ベース・マネジメント・システムはマルチチャンネルの低域成分を扱います。

ベース・マネジメントの原理は、メイン・チャンネルとLFE(Low Frequency Effect)チャンネルの低域成分をメイン・システム・スピーカーや1台以上のサブウーファーに割り当てて再生されるようオーディオ信号の伝送先をコントロールします。

ステレオ再生では、20 Hz〜20 kHzの信号を再生する必要があります。大型のマルチウェイ・モニタリング・システムは、このような広帯域を均等に再生します。マルチチャンネル・オーディオの場合、業務用のシステムも民生用のシステムも各チャンネルから20 Hz〜20 kHzのオーディオを再生可能にする必要があります。これを実現する為に、サブウーファーとクロスオーバーを連動させる必要があります。
 
ベース・マネジメント・システムは、アナログ電子回路またはソフトウェア・ベースのフィルタリングを用いて、メイン・チャンネルの低域成分を1台以上のサブウーファーにルーティングします。

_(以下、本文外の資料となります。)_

lemma spectral_subspace_mult:
  assumes cstar: "unital_cstar_algebra sc st" and action: "circle_action sc st \<sigma>"
    and a: "a \<in> spectral_subspace sc \<sigma> i" and b: "b \<in> spectral_subspace sc \<sigma> j"
  shows "a * b \<in> spectral_subspace sc \<sigma> (i + j)"
  unfolding spectral_subspace_def
proof (intro CollectI ballI)
  fix l :: complex assume l: "l \<in> sphere 0 1"
  interpret module sc
    using cstar module_complex_normed_structure unfolding unital_cstar_algebra_def by blast
  have scale_mult: "\<And>c x y. sc c (x * y) = sc c x * y \<and> sc c (x * y) = x * sc c y"
    using cstar unfolding unital_cstar_algebra_def by blast
  have "\<sigma> l (a * b) = \<sigma> l a * \<sigma> l b" using action l unfolding circle_action_def by blast
  also have "\<dots> = sc (l powi i) a * sc (l powi j) b" using a b l unfolding spectral_subspace_def by auto
  also have "\<dots> = sc (l powi i * l powi j) (a * b)" using scale_mult by (metis scale_scale)
  also have "l powi i * l powi j = l powi (i + j)" using l by (subst power_int_add) auto
  finally show "\<sigma> l (a * b) = sc (l powi (i + j)) (a * b)" .
qed

lemma spectral_subspace_star:
  assumes cstar: "unital_cstar_algebra sc st" and action: "circle_action sc st \<sigma>"
    and a: "a \<in> spectral_subspace sc \<sigma> i"
  shows "st a \<in> spectral_subspace sc \<sigma> (- i)"
  unfolding spectral_subspace_def
proof (intro CollectI ballI)
  fix l :: complex assume l: "l \<in> sphere 0 1"
  have "\<sigma> l (st a) = st (\<sigma> l a)" using action l unfolding circle_action_def by blast
  also have "\<dots> = st (sc (l powi i) a)" using a l unfolding spectral_subspace_def by auto
  also have "\<dots> = sc (cnj (l powi i)) (st a)" using cstar unfolding unital_cstar_algebra_def by blast
  also have "cnj (l powi i) = l powi (- i)" using l by (intro cnj_powi_unimodular) simp
  finally show "\<sigma> l (st a) = sc (l powi (- i)) (st a)" .
qed

lemma one_in_spectral_subspace_zero:
  assumes cstar: "unital_cstar_algebra sc st" and action: "circle_action sc st \<sigma>"
  shows "1 \<in> spectral_subspace sc \<sigma> 0"
proof -
  interpret module sc
    using cstar module_complex_normed_structure unfolding unital_cstar_algebra_def by blast
  show ?thesis using action unfolding spectral_subspace_def circle_action_def by simp
qed

inductive_set right_ideal_gen :: "'a::ring_1 set \<Rightarrow> 'a set" for S :: "'a set" where
  base: "a \<in> S \<Longrightarrow> a \<in> right_ideal_gen S"
| zero: "0 \<in> right_ideal_gen S"
| add: "y \<in> right_ideal_gen S \<Longrightarrow> z \<in> right_ideal_gen S \<Longrightarrow> y + z \<in> right_ideal_gen S"
| mult_right: "y \<in> right_ideal_gen S \<Longrightarrow> y * c \<in> right_ideal_gen S"

lemma right_ideal_gen_sum:
  "(\<And>j. j \<in> I \<Longrightarrow> f j \<in> right_ideal_gen S) \<Longrightarrow> (\<Sum>j\<in>I. f j) \<in> right_ideal_gen S"
  by (induction I rule: infinite_finite_induct) (auto intro: right_ideal_gen.intros)

lemma right_ideal_gen_mult_left:
  assumes "y \<in> right_ideal_gen S" and "\<And>a. a \<in> S \<Longrightarrow> z * a \<in> T"
  shows "z * y \<in> right_ideal_gen T"
  using assms
  by induction (auto simp: distrib_left intro: right_ideal_gen.intros simp flip: mult.assoc)

lemma left_unit_right_ideal_gen:
  assumes "y \<in> right_ideal_gen S" and "\<And>a. a \<in> S \<Longrightarrow> e * a = a"
  shows "e * y = y"
  using assms by induction (auto simp: distrib_left simp flip: mult.assoc)

lemma one_in_right_ideal_gen_graded:
  fixes G :: "int \<Rightarrow> 'a::ring_1 set"
  assumes mult: "\<And>i j a b. a \<in> G i \<Longrightarrow> b \<in> G j \<Longrightarrow> a * b \<in> G (i + j)"
    and one: "1 \<in> G 0"
    and u: "\<And>j. j < k \<Longrightarrow> u j \<in> G d" and partition: "(\<Sum>j<k. u j * v j) = 1"
  shows "1 \<in> right_ideal_gen (G (int N * d))"
proof (induction N)
  case 0
  show ?case using one by (simp add: right_ideal_gen.base)
next
  case (Suc N)
  have "u j * 1 \<in> right_ideal_gen (G (int (Suc N) * d))" if "j < k" for j
    using Suc.IH by (rule right_ideal_gen_mult_left) (use mult u \<open>j < k\<close> in \<open>simp add: algebra_simps\<close>)
  then have "(\<Sum>j<k. u j * 1 * v j) \<in> right_ideal_gen (G (int (Suc N) * d))"
    by (auto intro: right_ideal_gen_sum right_ideal_gen.mult_right)
  then show ?case using partition by simp
qed

lemma graded_left_unit_eq_one:
  fixes G :: "int \<Rightarrow> 'a::ring_1 set"
  assumes mult: "\<And>i j a b. a \<in> G i \<Longrightarrow> b \<in> G j \<Longrightarrow> a * b \<in> G (i + j)"
    and one: "1 \<in> G 0"
    and u: "\<And>j. j < k \<Longrightarrow> u j \<in> G 1" "(\<Sum>j<k. u j * v j) = 1"
    and u': "\<And>j. j < k' \<Longrightarrow> u' j \<in> G (- 1)" "(\<Sum>j<k'. u' j * v' j) = 1"
    and unit: "\<And>a. a \<in> G n \<Longrightarrow> e * a = a"
  shows "e = 1"
proof -
  have "1 \<in> right_ideal_gen (G n)"
  proof (cases "n \<ge> 0")
    case True
    then show ?thesis
      using one_in_right_ideal_gen_graded[OF mult one u, of "nat n"] by simp
  next
    case False
    then show ?thesis
      using one_in_right_ideal_gen_graded[OF mult one u', of "nat (- n)"] by simp
  qed
  then show ?thesis using left_unit_right_ideal_gen unit by fastforce
qed

lemma subalgebra_spectral_mult:
  assumes "unital_cstar_algebra sc st" "circle_action sc st \<sigma>" "unital_star_subalgebra sc st \<A>"
    and "a \<in> \<A> \<inter> spectral_subspace sc \<sigma> i" "b \<in> \<A> \<inter> spectral_subspace sc \<sigma> j"
  shows "a * b \<in> \<A> \<inter> spectral_subspace sc \<sigma> (i + j)"
  using assms spectral_subspace_mult unfolding unital_star_subalgebra_def by blast

lemma subalgebra_spectral_star:
  assumes "unital_cstar_algebra sc st" "circle_action sc st \<sigma>" "unital_star_subalgebra sc st \<A>"
    and "a \<in> \<A> \<inter> spectral_subspace sc \<sigma> i"
  shows "st a \<in> \<A> \<inter> spectral_subspace sc \<sigma> (- i)"
  using assms spectral_subspace_star unfolding unital_star_subalgebra_def by blast

lemma frame_sum_eq_one:
  assumes cstar: "unital_cstar_algebra sc st" and action: "circle_action sc st \<sigma>"
    and sub: "unital_star_subalgebra sc st \<A>"
    and zR_in: "\<forall>j<k. zR j \<in> \<A> \<inter> spectral_subspace sc \<sigma> 1"
    and zL_in: "\<forall>j<m. zL j \<in> \<A> \<inter> spectral_subspace sc \<sigma> 1"
    and zR_sum: "(\<Sum>j<k. zR j * st (zR j)) = 1"
    and zL_sum: "(\<Sum>j<m. st (zL j) * zL j) = 1"
    and frame: "\<forall>x\<in>\<A> \<inter> spectral_subspace sc \<sigma> n. (\<Sum>j<mn. \<zeta> j * (st (\<zeta> j) * x)) = x"
  shows "(\<Sum>j<mn. \<zeta> j * st (\<zeta> j)) = 1"
proof (rule graded_left_unit_eq_one[where G = "\<lambda>i. \<A> \<inter> spectral_subspace sc \<sigma> i"])
  show "1 \<in> \<A> \<inter> spectral_subspace sc \<sigma> 0"
    using sub one_in_spectral_subspace_zero[OF cstar action]
    unfolding unital_star_subalgebra_def by blast
  show "st (zL j) \<in> \<A> \<inter> spectral_subspace sc \<sigma> (- 1)" if "j < m" for j
    using subalgebra_spectral_star[OF cstar action sub] zL_in that by blast
  show "(\<Sum>j<mn. \<zeta> j * st (\<zeta> j)) * a = a" if "a \<in> \<A> \<inter> spectral_subspace sc \<sigma> n" for a
    using frame that by (simp add: sum_distrib_right mult.assoc)
qed (use subalgebra_spectral_mult[OF cstar action sub] zR_in zR_sum zL_sum in auto)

LFE専用チャンネルは、LFEチャンネルとして使用されているサブウーファーからモニターすることも、他のメイン・チャンネルの低域に追加することもできます。 全チャンネルの全オーディオ帯域を正確にモニタリングできるようにすることが、ベース・マネジメント・システムの基本的なあるべき姿です。

以下に、ベース・マネジメントの特長を挙げます。

  • サブウーファーが、システムの周波数特性を可聴範囲の下限まで広げます。
  • 低域を再生しないときに、より高い最大音圧レベルを可能にします。
  • 適切なサブウーファー配置により低域再生を最適化し、モニター配置の自由度が高まります。
  • サブウーファーの出力は、モニターに合わせてレベルと位相が調整され、低域は19 Hzまで、クロスオーバー・ポイントを含めてフラットで正確な再生が可能となります。
  • 音源の種類に合わせて正確な再生が出来るように、LFEチャンネルの出力レベルをメイン・チャンネルに対して0または+10 dBのいずれかに切り替えることができます。
  • サブウーファーのバイパス機能を用いて、サブウーファーがモニタリング・システムに与える影響を確かめることができます。